We’ve walked this line before.
Big movie, great cast, Oscar buzz, all riding the rails of a story based on a famous musician’s life. At the end of 2004, two artists received similar treatment – Ray Charles in the excellent biopic of his life, “Ray,” and Bobby Darin in the underwhelming “Beyond the Sea,” which didn’t exactly create a splish splash at the box office, regardless of Kevin Spacey’s efforts to the contrary.
“Walk the Line,” on the other hand, will generate such a splash, and it’s a wave that likely will extend into the heart of the pending awards season.
The film, which James Mangold (“Identity,” “Cop Land,” “Girl, Interrupted”) based on a screenplay he co-wrote with Gill Dennis, follows the defining years of Johnny Cash’s life.
Mangold takes us from Cash’s difficult childhood in Arkansas, in which a pivotal event changed him and his relationship with his family forever, to his rise to fame, his struggle with drug addiction (thanks to an introduction to Elvis), his marital problems with first wife, Vivian (Ginnifer Goodwin), the great love he felt for June Carter (Reese Witherspoon), and the defining moment in which the grayness of an otherwise muddled, self-destructive life lifted during his knockout 1968 show at Folsom State Prison.

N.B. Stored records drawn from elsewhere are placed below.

(* Assume that $\sigma_1,\sigma_2:\mathbb{R}^d\to(0,\infty]$ satisfy \[ \inf_{x\in\mathbb{R}^d}\{\sigma_1(x),\sigma_2(x)\}>h>0,\qquad \|\sigma_1-\sigma_2\|_{L^\infty(\mathbb{R}^d)}\le M<\infty. \] Then there exists $C=C(d,h,M)$ such that \[ \|f\|_{\widetilde H^{1/2}_{\sigma_1}(\mathbb{R}^d)}\le C\|f\|_{\widetilde H^{1/2}_{\sigma_2}(\mathbb{R}^d)}\qquad\forall f\in\widetilde H^{1/2}_{\sigma_2}(\mathbb{R}^d). \]
   Context: For a lower semicontinuous $\Theta:\mathbb{R}^d\to(0,\infty]$, the screened Sobolev space is \[ \widetilde H^{1/2}_\Theta(\mathbb{R}^d)=\Big\{f\in\mathcal S'(\mathbb{R}^d)\cap L^2_{loc}(\mathbb{R}^d):\int_{\mathbb{R}^d}\int_{|k|<\Theta(x)}\frac{|f(x+k)-f(x)|^2}{|k|^{d+1}}\,dk\,dx<\infty\Big\}\Big/\mathbb{R}, \] with $\|f\|^2_{\widetilde H^{1/2}_\Theta}$ equal to the double integral. *)

theory Defs
  imports "HOL-Analysis.Analysis"
begin

definition lsc_ereal :: "('a::topological_space \<Rightarrow> ereal) \<Rightarrow> bool" where
  "lsc_ereal \<Theta> \<longleftrightarrow> (\<forall>t::ereal. open {x. t < \<Theta> x})"

definition L2_loc :: "('a::euclidean_space \<Rightarrow> real) set" where
  "L2_loc = {f. f \<in> borel_measurable lborel \<and>
      (\<forall>K. compact K \<longrightarrow> (\<integral>\<^sup>+x\<in>K. ennreal ((f x)\<^sup>2) \<partial>lborel) < \<infinity>)}"

definition screened_sq :: "('a::euclidean_space \<Rightarrow> ereal) \<Rightarrow> ('a \<Rightarrow> real) \<Rightarrow> ennreal" where
  "screened_sq \<Theta> f =
     (\<integral>\<^sup>+x. (\<integral>\<^sup>+k. indicator {k. ereal (norm k) < \<Theta> x} k *
         ennreal ((f (x + k) - f x)\<^sup>2 / norm k ^ (DIM('a) + 1)) \<partial>lborel) \<partial>lborel)"

definition screened_norm :: "('a::euclidean_space \<Rightarrow> ereal) \<Rightarrow> ('a \<Rightarrow> real) \<Rightarrow> ennreal" where
  "screened_norm \<Theta> f =
     (if screened_sq \<Theta> f = \<infinity> then \<infinity> else ennreal (sqrt (enn2real (screened_sq \<Theta> f))))"

text \<open>Membership in the screened space (representatives; the quotient by constants is
  immaterial since the seminorm is invariant under adding constants).\<close>
definition screened_space :: "('a::euclidean_space \<Rightarrow> ereal) \<Rightarrow> ('a \<Rightarrow> real) set" where
  "screened_space \<Theta> = {f. f \<in> L2_loc \<and> screened_sq \<Theta> f < \<infinity>}"

end

theory Submission
  imports Defs
begin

There, in front of 2,000 cheering inmates, all of Cash’s frustrations and successes, his disappointments and dark humor, his rage, loneliness and failures – particularly his failures, which he wore like badges on his black sleeves – allowed him to connect with these men in a performance that arguably was the best of his career.
The thing is, as with so many biopics focused on musicians, Mangold’s movie is essentially a film about overcoming addiction in order to further one’s path to legend. That familiarity would have done the movie no favors had Mangold not had the strength of subtlety, which shows throughout, and especially the terrific performances from his cast, who transcend formula by allowing audiences to fully invest themselves in what matters – the budding, turbulent relationship between Cash (Joaquin Phoenix) and June.
Giving their best performances to date, Phoenix and Witherspoon each do their own singing here while possessing the sort of chemistry that sets their particular ring of fire alive.
What Mangold and his performers understand is that there are times in one’s life when the most difficult thing to do is to give yourself over to someone, to open your heart and trust that person, in spite of all signs suggesting that you’d be a fool to do so. This was the case for June Carter, who feared what marriage to Johnny Cash could mean, and Witherspoon gets it right, nailing the woman’s anxiety and apprehension. We all know the outcome, but it’s the building up to that moment that’s so compelling and, in the end, what “Walk the Line” really is all about.
Grade: A-
On video and DVD
MARCH OF THE PENGUINS, directed by Luc Jacquet, written by Jordan Roberts, 80 minutes, rated G.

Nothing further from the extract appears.